Within hours, the Chinese foreign ministry said a meeting between Prime Minister Wen Jiabao and his Japanese counterpart Naoto Kan on the sidelines of the UN general assembly meeting in New York this week would be “inappropriate”. (Update: Wen has subsequently reinforced China’s hard line: “If Japan clings to its mistake, China will take further actions and the Japanese side shall bear all the consequences that arise,” he said in New York ahead of the U.N. meetings.)
Beijing has already suspended high-level exchanges with Japan and taken a range of other retaliatory moves following a Japanese court ruling over the weekend that the captain of the Chinese fishing vessel, Minjinyu 5179, alleged to have collided with Japanese coast guard ships on September 7 could be detained for an extra ten days while Japanese prosecutors decide whether to bring charges.

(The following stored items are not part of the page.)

(* Let $g\ge1$ and let $\alpha_1,\dots,\alpha_{2g-1},\alpha$ be mutually distinct complex numbers. Let $\widehat q^{(g)0}_{ij}$ and $\widehat q^{(g-1)}_{ij}$ be defined by the expansions (in $z_1,z_2$ with $x_k=z_k^{-2}$) $$\Big(\frac1{2(x_1-x_2)^2}+\frac{H_g(x_1,x_2)}{4(x_1-x_2)^2y^{(g)}_1y^{(g)}_2}\Big)dx_1dx_2=\Big(\frac1{(z_1-z_2)^2}+\sum_{i,j\ge1}\widehat q^{(g)0}_{ij}z_1^{i-1}z_2^{j-1}\Big)dz_1dz_2,$$ $$\Big(\frac1{2(x_1-x_2)^2}+\frac{H_{g-1}(x_1,x_2)}{4(x_1-x_2)^2y^{(g-1)}_1y^{(g-1)}_2}\Big)dx_1dx_2=\Big(\frac1{(z_1-z_2)^2}+\sum_{i,j\ge1}\widehat q^{(g-1)}_{ij}z_1^{i-1}z_2^{j-1}\Big)dz_1dz_2,$$ and put $Q_{ij}=-\widehat q^{(g)0}_{ij}+\widehat q^{(g-1)}_{ij}$. Then for all $i,j\ge0$, $$Q_{2i+1,2j+1}=-\alpha\sum_{k=0}^{g-1}\tilde\mu_{4k}\,s_{(i-k)}(\Lambda)\,s_{(j-k)}(\Lambda).$$
   Context: $f_{g-1}(x)=\prod_{j=1}^{2g-1}(x-\alpha_j)=\sum_{i=0}^{2g-1}\tilde\mu_{4g-2-2i}x^i$ and $f_g(x)=(x-\alpha)^2f_{g-1}(x)=\sum_{i=0}^{2g+1}\mu_{4g+2-2i}x^i$, with $\mu_k,\tilde\mu_k=0$ for indices outside these ranges. $H_g(x_1,x_2)=\sum_{i=0}^g(x_1x_2)^i(2\mu_{4g+2-4i}+\mu_{4g-4i}(x_1+x_2))$, $H_{g-1}(x_1,x_2)=\sum_{i=0}^{g-1}(x_1x_2)^i(2\tilde\mu_{4g-2-4i}+\tilde\mu_{4g-4-4i}(x_1+x_2))$. $F_0(z)=(\prod_{j=1}^{2g-1}(1-\alpha_jz^2))^{1/2}$ with $F_0(0)=1$, $F(z)=(1-\alpha z^2)F_0(z)$, $y^{(g-1)}_k=z_k^{-(2g-1)}F_0(z_k)$, $y^{(g)}_k=z_k^{-(2g+1)}F(z_k)$. $\Lambda=(\Lambda_1,\Lambda_2,\dots)$ with $\Lambda_n=\frac1{2n}(2\alpha^n+\sum_{j=1}^{2g-1}\alpha_j^n)$; Schur polynomials $s_{(n)}$ are defined by $\exp(\sum_{i\ge1}t_ik^i)=\sum_{n\ge0}s_{(n)}(t)k^n$, and $s_{(n)}=0$ for $n<0$. *)

theory Defs
  imports "HOL-Analysis.Analysis" "HOL-Computational_Algebra.Formal_Power_Series"
    "HOL-Computational_Algebra.Polynomial"
begin

definition fpoly :: "(nat \<Rightarrow> complex) \<Rightarrow> nat \<Rightarrow> complex poly" where
  "fpoly al n = (\<Prod>j=1..n. [:- al j, 1:])"

definition mucoef :: "nat \<Rightarrow> complex poly \<Rightarrow> nat \<Rightarrow> complex" where
  "mucoef N p k = (if even k \<and> k div 2 \<le> N then coeff p (N - k div 2) else 0)"

definition Hfun :: "nat \<Rightarrow> (nat \<Rightarrow> complex) \<Rightarrow> complex \<Rightarrow> complex \<Rightarrow> complex" where
  "Hfun h mu x1 x2 = (\<Sum>i=0..h. (x1 * x2) ^ i * (2 * mu (4*h + 2 - 4*i) + mu (4*h - 4*i) * (x1 + x2)))"

text \<open>F_0(z) = (prod_{j=1}^{2g-1}(1 - alpha_j z^2))^{1/2}, the branch with F_0(0) = 1
  (near z = 0 this is the principal square root).\<close>
definition F0fun :: "(nat \<Rightarrow> complex) \<Rightarrow> nat \<Rightarrow> complex \<Rightarrow> complex" where
  "F0fun al g z = csqrt (\<Prod>j=1..2*g-1. 1 - al j * z^2)"

definition Lam :: "(nat \<Rightarrow> complex) \<Rightarrow> complex \<Rightarrow> nat \<Rightarrow> nat \<Rightarrow> complex" where
  "Lam al a g n = (2 * a ^ n + (\<Sum>j=1..2*g-1. al j ^ n)) / (2 * of_nat n)"

definition schur :: "(nat \<Rightarrow> complex) \<Rightarrow> int \<Rightarrow> complex" where
  "schur t m = (if m < 0 then 0 else
      fps_nth (fps_exp 1 oo Abs_fps (\<lambda>n. if n = 0 then 0 else t n)) (nat m))"

text \<open>The expansion defining qhat: with x_k = z_k^{-2}, dx_k = -2 z_k^{-3} dz_k,
  (1/(2(x1-x2)^2) + H(x1,x2)/(4(x1-x2)^2 y(z1) y(z2))) dx1 dx2
     = (1/(z1-z2)^2 + sum_{i,j>=1} q_ij z1^(i-1) z2^(j-1)) dz1 dz2
  for all z1, z2 in a punctured neighbourhood of 0 (away from x1 = x2),
  the double series converging (absolutely).\<close>
definition expansion ::
  "(complex \<Rightarrow> complex \<Rightarrow> complex) \<Rightarrow> (complex \<Rightarrow> complex) \<Rightarrow> (nat \<Rightarrow> nat \<Rightarrow> complex) \<Rightarrow> bool" where
  "expansion H y q \<longleftrightarrow> (\<exists>r>0. \<forall>z1 z2. z1 \<noteq> 0 \<and> z2 \<noteq> 0 \<and> norm z1 < r \<and> norm z2 < r
      \<and> z1^2 \<noteq> z2^2 \<longrightarrow>
     (let x1 = 1 / z1^2; x2 = 1 / z2^2 in
      ((\<lambda>(i,j). q i j * z1 ^ (i - 1) * z2 ^ (j - 1)) has_sum
        ((1 / (2 * (x1 - x2)^2) + H x1 x2 / (4 * (x1 - x2)^2 * y z1 * y z2))
           * ((-2 / z1^3) * (-2 / z2^3)) - 1 / (z1 - z2)^2)) ({1..} \<times> {1..})))"

end

theory Submission
  imports Defs "HOL-Complex_Analysis.Complex_Analysis"
begin

text \<open>
  Put \<open>x = 1/z^2\<close>. Passing from \<open>f_{g-1}\<close> to \<open>f_g = (x - \<alpha>)^2 f_{g-1}\<close> changes \<open>H\<close> by
  \<open>H_g(x1,x2) = (x1 - \<alpha>)(x2 - \<alpha>) H_{g-1}(x1,x2) + \<alpha> (x1 - x2)^2 O(x1 x2)\<close>, where the
  polynomial \<open>O(t) = \<Sum>_k \<mu>~_{4k} t^{g-1-k}\<close> collects the odd coefficients of \<open>f_{g-1}\<close>,
  and \<open>y^(g) = (x - \<alpha>) y^(g-1)\<close>. So the double poles on the diagonal cancel in the difference
  of the two bidifferentials, which is \<open>-\<alpha> (\<Sum>_k \<mu>~_{4k} (z1 z2)^{2k}) \<phi>(z1) \<phi>(z2)\<close> with
  \<open>\<phi>(z) = 1/((1 - \<alpha> z^2) F_0(z))\<close>.
  Twice the logarithmic derivative of \<open>exp (\<Sum>_n \<Lambda>_n u^n)\<close> is that of
  \<open>(1 - \<alpha> u)^{-2} \<Prod>_j (1 - \<alpha>_j u)^{-1}\<close>, so \<open>\<Sum>_n s_(n)(\<Lambda>) u^n\<close> is the power series of
  \<open>\<phi>(\<surd>u)\<close>. Expanding \<open>\<phi>(z1) \<phi>(z2)\<close> in \<open>z1^2, z2^2\<close> and comparing the coefficients of
  the two double power series gives the formula.
\<close>

section \<open>Even and odd parts of polynomials\<close>

definition poly_even :: "'a::zero poly \<Rightarrow> 'a poly" where
  "poly_even p = Poly (map (\<lambda>i. coeff p (2 * i)) [0..<Suc (degree p)])"

definition poly_odd :: "'a::zero poly \<Rightarrow> 'a poly" where
  "poly_odd p = Poly (map (\<lambda>i. coeff p (2 * i + 1)) [0..<Suc (degree p)])"

lemma coeff_poly_even [simp]: "coeff (poly_even p) i = coeff p (2 * i)"
  by (auto simp: poly_even_def nth_default_def coeff_eq_0 simp del: upt_Suc)

lemma coeff_poly_odd [simp]: "coeff (poly_odd p) i = coeff p (2 * i + 1)"
  by (auto simp: poly_odd_def nth_default_def coeff_eq_0 simp del: upt_Suc)

lemma poly_even_add: "poly_even (p + q) = poly_even p + poly_even q"
  and poly_odd_add: "poly_odd (p + q) = poly_odd p + poly_odd q"
  and poly_even_diff: "poly_even (r - s) = poly_even r - poly_even s"
  and poly_odd_diff: "poly_odd (r - s) = poly_odd r - poly_odd s"
  and poly_even_smult: "poly_even (smult c p) = smult c (poly_even p)"
  and poly_odd_smult: "poly_odd (smult c p) = smult c (poly_odd p)"
  for p q :: "'a::comm_semiring_0 poly" and r s :: "'b::comm_ring poly"
  by (auto intro: poly_eqI)

lemma poly_even_pCons_0: "poly_even (pCons 0 p) = pCons 0 (poly_odd p)"
  and poly_odd_pCons_0: "poly_odd (pCons 0 p) = poly_even p"
  by (auto intro!: poly_eqI simp: coeff_pCons split: nat.split)

lemma poly_even_odd_square_factor:
  fixes f :: "'a::comm_ring_1 poly"
  shows "poly_even ([:- a, 1:]^2 * f)
           = [:a^2, 1:] * poly_even f - smult (2 * a) (pCons 0 (poly_odd f))" (is ?even)
    and "poly_odd ([:- a, 1:]^2 * f) = [:a^2, 1:] * poly_odd f - smult (2 * a) (poly_even f)"
      (is ?odd)
proof -
  have "[:- a, 1:]^2 * f = pCons 0 (pCons 0 f) - smult (2 * a) (pCons 0 f) + smult (a^2) f"
    by (simp add: power2_eq_square smult_add_right algebra_simps)
  then show ?even and ?odd
    by (simp_all add: poly_even_add poly_odd_add poly_even_diff poly_odd_diff poly_even_smult
        poly_odd_smult poly_even_pCons_0 poly_odd_pCons_0 algebra_simps)
qed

As we have noted before, Beijing has acted aggressively to avow its territorial claim to the disputed waters of the East China Sea around what Japan calls the Senkaku islands and China the Diaoyu islands, ratcheting up the pressure on Tokyo to back off bringing charges against the trawler’s captain under Japanese law. While Tokyo has sought to defuse the incident, it has shown no sign of backing down in the face of Beijing’s browbeating; if anything the Japanese Cabinet Secretary’s comments suggest Tokyo’s resolve is firming. This is becoming an increasingly high-stakes game of diplomatic chicken.
There would a high political cost for Japan’s still relatively new prime minister were he to buckle under pressure from Beijing the first time he was tested. There is some irony in the fact that Prime Minister Kan’s governing DPJ supports a foreign policy that is more Asia focused and more independent of the U.S. Relations with China have been improving since 2006, but as this latest incident shows, it doesn’t take much to scratch open the underlying nerves of distrust. Other countries in the region who have disputed maritime borders with China will be looking on with some concern, and considering if tighter security relations with the U.S. might not offer them some insurance against similar treatment.